Remove incomplete data, keep relevant variables, and iron out complicated string values
Encoder turns categorical columns (remote, hybrid, onsite) to numeric ones (1 or 0) based on input

In [None]:
#| eval: true
#| echo: falase
#| fig-align: center

from pyspark.sql.functions import col, pow, when
from pyspark.ml.feature import StringIndexer, VectorAssembler, OneHotEncoder
from pyspark.ml import Pipeline

#remove rows with NAs
df_cleaned = df.dropna(subset=[
    "SALARY", "MIN_YEARS_EXPERIENCE", "STATE_NAME", "EMPLOYMENT_TYPE_NAME",
    "REMOTE_TYPE_NAME", "MIN_EDULEVELS_NAME", "DURATION", 
    "IS_INTERNSHIP", "COMPANY_IS_STAFFING"
])

eda_cols = [
    "SALARY", "MIN_YEARS_EXPERIENCE", "DURATION", "COMPANY_IS_STAFFING",
    "IS_INTERNSHIP", "STATE_NAME", "REMOTE_TYPE_NAME",
    "EMPLOYMENT_TYPE_NAME", "MIN_EDULEVELS_NAME"
]
df_cleaned = df_cleaned.select(eda_cols)

#clean up REMOTE_TYPE_NAME and reduce the different inputs
df_cleaned = df_cleaned.withColumn(
    "REMOTE_TYPE_NAME",
    when(col("REMOTE_TYPE_NAME") == "Remote", "Remote")
    .when(col("REMOTE_TYPE_NAME") == "[None]", "Undefined")
    .when(col("REMOTE_TYPE_NAME") == "Not Remote", "On Premise")
    .when(col("REMOTE_TYPE_NAME") == "Hybrid Remote", "Hybrid")
    .when(col("REMOTE_TYPE_NAME").isNull(), "On Premise")
    .otherwise(col("REMOTE_TYPE_NAME"))
)

#clean EMPLOYMENT_TYPE_NAME
df_cleaned = df_cleaned.withColumn(
    "EMPLOYMENT_TYPE_NAME",
    when(col("EMPLOYMENT_TYPE_NAME") == "Part-time / full-time", "Flexible")
    .when(col("EMPLOYMENT_TYPE_NAME") == "Part-time (â‰¤ 32 hours)", "Parttime")
    .when(col("EMPLOYMENT_TYPE_NAME") == "Full-time (> 32 hours)", "Fulltime")
    .when(col("EMPLOYMENT_TYPE_NAME").isNull(), "Fulltime")
    .otherwise(col("EMPLOYMENT_TYPE_NAME"))
)

# Categorical and numeric columns
categorical_cols = ["EMPLOYMENT_TYPE_NAME", "REMOTE_TYPE_NAME"]
continuous_cols = ["MIN_YEARS_EXPERIENCE", "DURATION", "IS_INTERNSHIP", "COMPANY_IS_STAFFING"]
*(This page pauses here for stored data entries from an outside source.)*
(* $$\pi^3=\frac{81}{4\cdot3^{5/2}}\sum_{n=0}^\infty\frac{(-1)^n}{n!}2^n\left[\gamma_n\!\left(\tfrac13\right)-\gamma_n\!\left(\tfrac23\right)\right]$$ $$=\frac{343}{32\cdot7^{5/2}}\sum_{n=0}^\infty\frac{(-1)^n}{n!}2^n\left[\gamma_n\!\left(\tfrac17\right)+\gamma_n\!\left(\tfrac27\right)-\gamma_n\!\left(\tfrac37\right)+\gamma_n\!\left(\tfrac47\right)-\gamma_n\!\left(\tfrac57\right)-\gamma_n\!\left(\tfrac67\right)\right].$$
   Context: The Stieltjes constants $\gamma_n(a)$ ($\mathrm{Re}\,a>0$) are defined by the Laurent expansion of the Hurwitz zeta function $\zeta(s,a)=\sum_{n\ge0}(n+a)^{-s}$ at $s=1$: $\zeta(s,a)=\frac{1}{s-1}+\sum_{n\ge0}\frac{(-1)^n}{n!}\gamma_n(a)(s-1)^n$. *)

theory Defs
  imports "HOL-Complex_Analysis.Complex_Analysis"
begin

definition hurwitz_zeta_series :: "real \<Rightarrow> complex \<Rightarrow> complex" where
  "hurwitz_zeta_series a s = (\<Sum>k. complex_of_real (real k + a) powr (- s))"

text \<open>The regular part zeta(s,a) - 1/(s-1): the unique entire function agreeing
  with it on Re s > 1 (analytic continuation; unique by the identity theorem).\<close>
definition hurwitz_zeta_regular :: "real \<Rightarrow> complex \<Rightarrow> complex" where
  "hurwitz_zeta_regular a = (THE g. g holomorphic_on UNIV \<and>
      (\<forall>s. Re s > 1 \<longrightarrow> g s = hurwitz_zeta_series a s - 1 / (s - 1)))"

text \<open>Stieltjes constants via the Laurent expansion at s = 1:
  zeta(s,a) = 1/(s-1) + sum_n (-1)^n/n! gamma_n(a) (s-1)^n, hence
  gamma_n(a) = (-1)^n times the n-th derivative of the regular part at 1.\<close>
definition stieltjes :: "nat \<Rightarrow> real \<Rightarrow> complex" where
  "stieltjes n a = (-1) ^ n * (deriv ^^ n) (hurwitz_zeta_regular a) 1"

end

theory Submission
  imports Defs
begin

text \<open>The regular part of \<open>\<zeta>(s, a)\<close> is entire, so its Taylor series at \<open>s = 1\<close> converges at
  \<open>s = 3\<close>; by the definition of the Stieltjes constants this says
  \<open>\<Sum>n. (-1)^n / n! 2^n \<gamma>\<^sub>n(a) = \<zeta>(3, a) - 1/2\<close>. In both combinations the constants \<open>1/2\<close> cancel and
  the values pair up as \<open>\<zeta>(3, x) - \<zeta>(3, 1 - x) = \<pi>^3 cos \<pi>x / sin^3 \<pi>x\<close>, which follows by
  differentiating the reflection formula for \<open>ln \<Gamma>\<close> three times. At \<open>x = 1/3\<close> this is
  \<open>4\<pi>^3 / (3 sqrt 3)\<close>; for the sevenths, \<open>cos (\<pi>/7)\<close> is a root of \<open>8c^3 - 4c^2 - 4c + 1\<close>, which
  reduces the signed sum to \<open>32\<pi>^3 / sqrt 7\<close>.

  The regular part is entire because, for \<open>b > 1\<close>, expanding \<open>(k + b + 1)^(1-s)\<close> binomially and
  telescoping over \<open>k\<close> gives
  \<open>(s - 1) \<zeta>(s, b) = b^(1-s) + \<Sum>j. c\<^sub>j(s) (s + j) \<zeta>(s + j + 1, b)\<close> with \<open>c\<^sub>j\<close> polynomial in \<open>s\<close>;
  iterating this identity continues \<open>(s - 1) \<zeta>(s, b)\<close> to the whole plane.\<close>

notation hurwitz_zeta_series ("\<zeta>")

section \<open>Pochhammer bounds and double series\<close>

lemma norm_pochhammer_le: "norm (pochhammer (z::complex) n) \<le> pochhammer (norm z) n"
proof -
  have "norm (pochhammer z n) = (\<Prod>i = 0..<n. norm (z + of_nat i))"
    by (simp add: pochhammer_prod prod_norm)
  also have "\<dots> \<le> (\<Prod>i = 0..<n. norm z + of_nat i)"
    by (intro prod_mono) (auto intro: order.trans[OF norm_triangle_ineq])
  finally show ?thesis by (simp add: pochhammer_prod)
qed

lemma pochhammer_mono: "0 \<le> x \<Longrightarrow> x \<le> y \<Longrightarrow> pochhammer (x::real) n \<le> pochhammer y n"
  unfolding pochhammer_prod by (intro prod_mono) auto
# Index and One-Hot Encode
indexers = [StringIndexer(inputCol=col, outputCol=f"{col}_Idx", handleInvalid="skip") for col in categorical_cols]
encoders = [OneHotEncoder(inputCol=f"{col}_Idx", outputCol=f"{col}_vec") for col in categorical_cols]


In [None]:
# combines all categorical and numeric columns into one vector coulmn
assembler = VectorAssembler(
    inputCols=continuous_cols + [f"{col}_vec" for col in categorical_cols],
    outputCol="features"
)

#create pipeline for sequential transformation
pipeline = Pipeline(stages=indexers + encoders + [assembler])
data = pipeline.fit(df_cleaned).transform(df_cleaned)

# polynomial regression for MIN_YEARS_EXPERIENCE
data = data.withColumn("MIN_YEARS_EXPERIENCE_SQ", pow(col("MIN_YEARS_EXPERIENCE"), 2))
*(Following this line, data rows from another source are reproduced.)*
lemma decomp_exists:
  "\<exists>q a r. 1 \<le> a \<and> a \<le> p \<and> r < n a \<and> i = q * comp_size n p + comp_offset n a + r"
proof -
  let ?N = "comp_size n p"
  define q where "q = i div ?N"
  define s where "s = i mod ?N"
  define A where "A = {a\<in>{1..p}. comp_offset n a \<le> s}"
  define a where "a = Max A"
  have "1 \<in> A" "finite A"
    unfolding A_def comp_offset_def using length_pos by auto
  hence aA: "a \<in> A" unfolding a_def by (intro Max_in) auto
  have "n 1 \<ge> 1" using parts_pos length_pos by auto
  hence "?N > 0"
    using comp_offset_mono[of 1 "Suc p" n] length_pos by (simp add: comp_size_eq_comp_offset)
  hence "s < ?N" unfolding s_def by simp
  have r: "s - comp_offset n a < n a"
  proof (cases "a = p")
    case True
    thus ?thesis using aA comp_offset_Suc[of a n] \<open>s < ?N\<close>
      by (auto simp: A_def comp_size_eq_comp_offset)
  next
    case False
    hence "Suc a \<notin> A" using \<open>finite A\<close> unfolding a_def by (metis Max_ge Suc_n_not_le_n)
    hence "comp_offset n (Suc a) > s" using aA False unfolding A_def by auto
    thus ?thesis using comp_offset_Suc[of a n] aA unfolding A_def by auto
  qed
  have "i = q * ?N + comp_offset n a + (s - comp_offset n a)"
    using aA div_mult_mod_eq[of i ?N] unfolding A_def s_def q_def by simp
  moreover have "1 \<le> a" "a \<le> p" using aA unfolding A_def by auto
  ultimately show ?thesis
    using r by blast
qed

lemma decompE:
  obtains q a r where "1 \<le> a" "a \<le> p" "r < n a"
    "i = q * comp_size n p + comp_offset n a + r" "decomp n p i = (q, a, r)"
  using decomp_exists[of i] decomp_eq by blast

lemma aidx_range: "aidx n p i \<in> {1..p}"
  by (rule decompE[of i]) (simp add: aidx_def)

lemma eidx_eq_iff:
  assumes a: "a \<in> {1..p}"
  shows "i = eidx n p a k \<longleftrightarrow> aidx n p i = a \<and> kidx n p i = k"
proof -
  let ?N = "comp_size n p"
  define i0 where "i0 = (k div n a) * ?N + comp_offset n a + k mod n a"
  have na: "n a > 0" using parts_pos a by fastforce
  hence "decomp n p i0 = (k div n a, a, k mod n a)"
    unfolding i0_def using a by (intro decomp_eq) auto
  hence i0: "aidx n p i0 = a \<and> kidx n p i0 = k"
    by (simp add: aidx_def kidx_def)
  have unique: "i = i0" if "aidx n p i = a \<and> kidx n p i = k" for i
  proof -
    obtain q a' r where h: "r < n a'" "i = q * ?N + comp_offset n a' + r" "decomp n p i = (q, a', r)"
      by (rule decompE[of i])
    with that have "a' = a" and "k = r + q * n a"
      by (auto simp: aidx_def kidx_def)
    with h na have "q = k div n a" "r = k mod n a"
      by simp_all
    with h \<open>a' = a\<close> show ?thesis unfolding i0_def by simp
  qed
  have "eidx n p a k = i0"
    unfolding eidx_def
    by (rule the_equality[where P = "\<lambda>i. aidx n p i = a \<and> kidx n p i = k", OF i0 unique])
  with i0 unique show ?thesis by metis
qed

lemma aidx_eidx: "a \<in> {1..p} \<Longrightarrow> aidx n p (eidx n p a k) = a"
  and kidx_eidx: "a \<in> {1..p} \<Longrightarrow> kidx n p (eidx n p a k) = k"
  using eidx_eq_iff[of a "eidx n p a k" k] by simp_all

lemma eidx_aidx_kidx: "eidx n p (aidx n p i) (kidx n p i) = i"
  using eidx_eq_iff[OF aidx_range, of i i "kidx n p i"] by simp

end

section \<open>Semi-infinite matrices\<close>

text \<open>Since smat_mult sums over the support of the products, it silently yields 0 when
  that support is infinite; associativity therefore needs finite rows or finite columns.\<close>

definition row_finite :: "smat \<Rightarrow> bool" where
  "row_finite A \<longleftrightarrow> (\<forall>i. finite {k. A i k \<noteq> 0})"

definition col_finite :: "smat \<Rightarrow> bool" where
  "col_finite A \<longleftrightarrow> (\<forall>j. finite {k. A k j \<noteq> 0})"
#assemble og features plus poly feature into new feature vector
assembler_poly = VectorAssembler(
    inputCols=["features", "MIN_YEARS_EXPERIENCE_SQ"],
    outputCol="features_poly"
)
data = assembler_poly.transform(data)

#split data into training and testing sets for model evaluation
regression_train, regression_test = data.randomSplit([0.8, 0.2], seed=51)
#This split reserves 80% of the data for training and 20% for testing which provides enough data for the model to learn while keeping a reliable holdout set for evaluation.

#displays final structure with salary as target
data.select("SALARY", "features", "features_poly").show(5, truncate=False)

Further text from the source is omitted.